At the moment, you may select the day of week and hour of day to restrict maintenance to: e.g. Sunday between 2 - 3 AM local time.
For many reasons you should write your applications to be tolerant of downtime. Queueing writes while fanning out reads is a really good scaling/tolerance strategy.
But if your application was not constructed this way, GCP hosted SQL may not be a good fit for you.
Slightly Broken Web UI
A couple bits of their Web UI was broken when I tested.
The “Download server-ca.pem” link would download an empty file. The only way to download the cert was to first create a client key and download it from that popup.

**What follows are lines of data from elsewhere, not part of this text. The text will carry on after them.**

(* Let $(t_1,s_1),(t_2,s_2)\in\mathbb{C}^\times\times\mathbb{C}^\times$ with $t_1\ne t_2$ and $s_1\neq s_2$, let $X_1=A_2(t_1,s_1)$, $X_2=A_2(t_2,s_2)$, $T=X_1+X_2$, and $\varepsilon_0=\det(X_1)+\det(X_2)-\det(X_1+X_2)$. Then for all $n\in\mathbb{N}$, $T^{2n}=(\varepsilon_0+2)^nI_2$ and $T^{2n+1}=(\varepsilon_0+2)^nT$.
   Context: $\mathbb{C}^\times=\mathbb{C}\setminus\{0\}$; $A_2(t,s)=\begin{pmatrix} t & s\\ \frac{1-t^2}{s} & -t\end{pmatrix}$; $I_2$ is the $2\times2$ identity matrix. *)

theory Defs
  imports "HOL-Analysis.Analysis"
begin

definition A2 :: "complex \<Rightarrow> complex \<Rightarrow> complex^2^2" where
  "A2 t s = (\<chi> i j. if i = 1 then (if j = 1 then t else s)
                     else (if j = 1 then (1 - t^2) / s else - t))"

fun matpow :: "'a::comm_ring_1^'n^'n \<Rightarrow> nat \<Rightarrow> 'a^'n^'n" where
  "matpow A 0 = mat 1"
| "matpow A (Suc k) = A ** matpow A k"

end

theory Submission
  imports Defs
begin

text \<open>Both summands are traceless, hence so is T, and Cayley-Hamilton for a traceless
  2x2 matrix gives T^2 = -det T I. As det X_1 = det X_2 = -1, the scalar -det T equals
  \<epsilon>0 + 2, and the powers of T follow from T^2 being scalar.\<close>

lemma mat_mult_left: "(mat c ** A) $ i $ j = c * A $ i $ j"
  for A :: "'a::comm_ring_1^'m^'n"
proof -
  have "(mat c ** A) $ i $ j = (\<Sum>k\<in>UNIV. (if i = k then c * A $ k $ j else 0))"
    by (simp add: matrix_matrix_mult_def mat_def if_distrib[where f = "\<lambda>x. x * _"] cong del: if_weak_cong)
  also have "\<dots> = c * A $ i $ j"
    by simp
  finally show ?thesis .
qed

lemma mat_mult_right: "(A ** mat c) $ i $ j = A $ i $ j * c"
  for A :: "'a::comm_ring_1^'m^'n"
proof -
  have "(A ** mat c) $ i $ j = (\<Sum>k\<in>UNIV. (if k = j then A $ i $ k * c else 0))"
    by (simp add: matrix_matrix_mult_def mat_def if_distrib cong del: if_weak_cong)
  also have "\<dots> = A $ i $ j * c"
    by simp
  finally show ?thesis .
qed

lemma mat_mult_commute: "(A::'a::comm_ring_1^'n^'n) ** mat c = mat c ** A"
  by (simp add: vec_eq_iff mat_mult_left mat_mult_right mult.commute)

lemma mat_mult_mat: "mat a ** mat b = (mat (a * b) :: 'a::comm_ring_1^'n^'n)"
  by (simp add: vec_eq_iff mat_mult_left) (simp add: mat_def)

lemma matpow_even_odd_if_square_scalar:
  fixes A :: "'a::comm_ring_1^'n^'n"
  assumes "A ** A = mat c"
  shows "matpow A (2 * n) = mat (c ^ n) \<and> matpow A (2 * n + 1) = mat (c ^ n) ** A"
proof -
  have even: "matpow A (2 * n) = mat (c ^ n)"
  proof (induction n)
    case 0
    then show ?case by simp
  next
    case (Suc n)
    have "matpow A (2 * Suc n) = (A ** A) ** matpow A (2 * n)"
      by (simp add: matrix_mul_assoc)
    also have "\<dots> = mat c ** mat (c ^ n)"
      by (simp only: assms Suc)
    finally show ?case by (simp add: mat_mult_mat)
  qed
  then show ?thesis by (simp add: mat_mult_commute)
qed

lemma matrix_mult_2x2: "((A::'a::comm_ring_1^2^2) ** B) $ i $ j = A$i$1 * B$1$j + A$i$2 * B$2$j"
  by (simp add: matrix_matrix_mult_def sum_2)

lemma square_2x2_traceless:
  fixes A :: "'a::comm_ring_1^2^2"
  assumes "trace A = 0"
  shows "A ** A = mat (- det A)"
proof -
  have "A$2$2 = - A$1$1"
    using assms by (simp add: trace_def sum_2 eq_neg_iff_add_eq_0 add.commute)
  then show ?thesis
    by (simp add: vec_eq_iff forall_2 matrix_mult_2x2 mat_def det_2 algebra_simps power2_eq_square)
qed

lemma trace_A2: "trace (A2 t s) = 0"
  by (simp add: trace_def sum_2 A2_def)

lemma det_A2: "s \<noteq> 0 \<Longrightarrow> det (A2 t s) = -1"
  by (simp add: det_2 A2_def field_simps power2_eq_square)

theorem mainTheorem13:
  fixes t1 s1 t2 s2 :: complex and n :: nat
  assumes "t1 \<noteq> 0" "s1 \<noteq> 0" "t2 \<noteq> 0" "s2 \<noteq> 0"
    and "t1 \<noteq> t2" "s1 \<noteq> s2"
  defines "X1 \<equiv> A2 t1 s1" and "X2 \<equiv> A2 t2 s2"
  defines "T \<equiv> X1 + X2"
  defines "\<epsilon>0 \<equiv> det X1 + det X2 - det (X1 + X2)"
  shows "matpow T (2 * n) = mat ((\<epsilon>0 + 2) ^ n)
       \<and> matpow T (2 * n + 1) = mat ((\<epsilon>0 + 2) ^ n) ** T"
proof -
  have "trace T = 0"
    by (simp add: T_def X1_def X2_def trace_add trace_A2)
  then have "T ** T = mat (- det T)"
    by (rule square_2x2_traceless)
  also have "- det T = \<epsilon>0 + 2"
    using \<open>s1 \<noteq> 0\<close> \<open>s2 \<noteq> 0\<close> by (simp add: \<epsilon>0_def T_def X1_def X2_def det_A2)
  finally show ?thesis
    by (rule matpow_even_odd_if_square_scalar)
qed

end
(* Let $a,b$ be distinct elements of $\{6,7,8\}$. Suppose $G$ is a planar graph with no cycles of length $4$, $a$, $b$ or $9$, $s\ge1$, $H$ is a cover of $G$ with respect to $L(v)=\{1,\dots,s\}$ for all $v$, and $F=(f_1,\dots,f_s)$ with $f_i(v)\in\{0,1,2\}$ and $f_1(v)+\cdots+f_s(v)\ge 3$ for all $v$, such that $(G,H)$ has no DP-$F$-coloring, and suppose $|V(G)|$ is minimum among all such $(G,H,F)$ (a minimal counterexample). Then every vertex of $G$ has degree at least $3$.
   Context: A cover $H$ of $G$ w.r.t. $L$ has vertex set $\{(u,c):c\in L(u)\}$, each $\{u\}\times L(u)$ is a clique, for each edge $uv$ the edges between $\{u\}\times L(u)$ and $\{v\}\times L(v)$ form a matching, and there are no such edges for non-adjacent $u,v$. A representative set contains exactly one vertex of each $\{v\}\times L(v)$. A DP-$F$-coloring of $(G,H)$ is a representative set $R$ admitting an ordering in which each $(v,i)\in R$ has fewer than $f_i(v)$ $H$-neighbors among earlier elements of $R$. *)

theory Defs
  imports "HOL-Analysis.Analysis"
begin

definition simple_graph :: "'v set \<Rightarrow> 'v set set \<Rightarrow> bool" where
  "simple_graph V E \<longleftrightarrow> finite V \<and>
     (\<forall>e\<in>E. \<exists>u v. e = {u, v} \<and> u \<noteq> v \<and> u \<in> V \<and> v \<in> V)"

definition degree :: "'v set set \<Rightarrow> 'v \<Rightarrow> nat" where
  "degree E v = card {u. {v, u} \<in> E}"

definition has_cycle_of_length :: "'v set \<Rightarrow> 'v set set \<Rightarrow> nat \<Rightarrow> bool" where
  "has_cycle_of_length V E k \<longleftrightarrow> 3 \<le> k \<and>
     (\<exists>xs. length xs = k \<and> distinct xs \<and> set xs \<subseteq> V \<and>
        (\<forall>i<k. {xs ! i, xs ! ((i + 1) mod k)} \<in> E))"

definition planar :: "'v set \<Rightarrow> 'v set set \<Rightarrow> bool" where
  "planar V E \<longleftrightarrow> (\<exists>(p :: 'v \<Rightarrow> real^2) (\<gamma> :: 'v set \<Rightarrow> real \<Rightarrow> real^2).
     inj_on p V \<and>
     (\<forall>e\<in>E. arc (\<gamma> e) \<and> {pathstart (\<gamma> e), pathfinish (\<gamma> e)} = p ` e \<and>
              path_image (\<gamma> e) \<inter> p ` V = p ` e) \<and>
     (\<forall>e\<in>E. \<forall>e'\<in>E. e \<noteq> e' \<longrightarrow> path_image (\<gamma> e) \<inter> path_image (\<gamma> e') \<subseteq> p ` (e \<inter> e')))"

text \<open>A cover H (edge set EH) of G = (V,E) w.r.t. the list assignment L.
  Vertex set of H is {(u,c). u \<in> V, c \<in> L u}.\<close>
definition is_cover :: "'v set \<Rightarrow> 'v set set \<Rightarrow> ('v \<Rightarrow> nat set) \<Rightarrow> ('v \<times> nat) set set \<Rightarrow> bool" where
  "is_cover V E L EH \<longleftrightarrow>
     simple_graph (Sigma V L) EH \<and>
     (\<forall>u\<in>V. \<forall>c\<in>L u. \<forall>c'\<in>L u. c \<noteq> c' \<longrightarrow> {(u, c), (u, c')} \<in> EH) \<and>
     (\<forall>u c v d. {(u, c), (v, d)} \<in> EH \<and> u \<noteq> v \<longrightarrow> {u, v} \<in> E) \<and>
     (\<forall>u v c d d'. u \<noteq> v \<and> {(u, c), (v, d)} \<in> EH \<and> {(u, c), (v, d')} \<in> EH \<longrightarrow> d = d') \<and>
     (\<forall>u v c c' d. u \<noteq> v \<and> {(u, c), (v, d)} \<in> EH \<and> {(u, c'), (v, d)} \<in> EH \<longrightarrow> c = c')"

definition representative_set :: "'v set \<Rightarrow> ('v \<Rightarrow> nat set) \<Rightarrow> ('v \<times> nat) set \<Rightarrow> bool" where
  "representative_set V L R \<longleftrightarrow> R \<subseteq> Sigma V L \<and> (\<forall>v\<in>V. \<exists>!c. (v, c) \<in> R)"

text \<open>DP-F-coloring, F = (f_1,...,f_s) given as f i v.  An ordering of R is a
  distinct list enumerating R.\<close>
definition DP_F_coloring :: "'v set \<Rightarrow> ('v \<Rightarrow> nat set) \<Rightarrow> ('v \<times> nat) set set
     \<Rightarrow> (nat \<Rightarrow> 'v \<Rightarrow> nat) \<Rightarrow> ('v \<times> nat) set \<Rightarrow> bool" where
  "DP_F_coloring V L EH f R \<longleftrightarrow> representative_set V L R \<and>
     (\<exists>xs. distinct xs \<and> set xs = R \<and>
        (\<forall>j<length xs. card {y \<in> set (take j xs). {y, xs ! j} \<in> EH}
                         < f (snd (xs ! j)) (fst (xs ! j))))"

text \<open>The hypotheses of the counterexample (without minimality).\<close>
definition counterexample :: "nat \<Rightarrow> nat \<Rightarrow> 'v set \<Rightarrow> 'v set set \<Rightarrow> nat
     \<Rightarrow> ('v \<times> nat) set set \<Rightarrow> (nat \<Rightarrow> 'v \<Rightarrow> nat) \<Rightarrow> bool" where
  "counterexample a b V E s EH f \<longleftrightarrow>
     simple_graph V E \<and> planar V E \<and>
     \<not> has_cycle_of_length V E 4 \<and> \<not> has_cycle_of_length V E a \<and>
     \<not> has_cycle_of_length V E b \<and> \<not> has_cycle_of_length V E 9 \<and>
     1 \<le> s \<and> is_cover V E (\<lambda>_. {1..s}) EH \<and>
     (\<forall>v\<in>V. (\<forall>i\<in>{1..s}. f i v \<in> {0, 1, 2}) \<and> (\<Sum>i=1..s. f i v) \<ge> 3) \<and>
     \<not> (\<exists>R. DP_F_coloring V (\<lambda>_. {1..s}) EH f R)"

end

theory Submission
  imports Defs
begin

text \<open>Suppose v has degree at most 2. Deleting v keeps every hypothesis of a
  counterexample (planarity and the excluded cycle lengths pass to subgraphs; the
  conditions on a and b play no further role), so by minimality G - v, with the
  restricted cover, has a DP-F-colouring R. Every vertex u of G - v has exactly one
  vertex (u, c) in R, and (u, c) is matched to at most one (v, i). Hence the numbers of
  neighbours in R of (v, 1), ..., (v, s) add up to at most deg v < 3, which is at most
  f_1(v) + ... + f_s(v). So some (v, i) has fewer than f_i(v) neighbours in R and can be
  put last in the ordering of R, a contradiction.\<close>

definition induced_edges :: "'a set \<Rightarrow> 'a set set \<Rightarrow> 'a set set" where
  "induced_edges W E = {e \<in> E. e \<subseteq> W}"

The menu item “Access Control -> Users” would yield “Failed to load”. It’s not possible to see the users on the SQL box via the Web UI.
This is the sort of thing might be obnoxious if you’re not skilled at using their API or CLI.
The pros of GCP Hosted SQL are pretty impressive and the cons can hurt if you’re not prepared.
If you do not have sophisticated replication needs, this 2nd generation beta makes managing SQL easy. But this just won’t work for non-trivial topologies.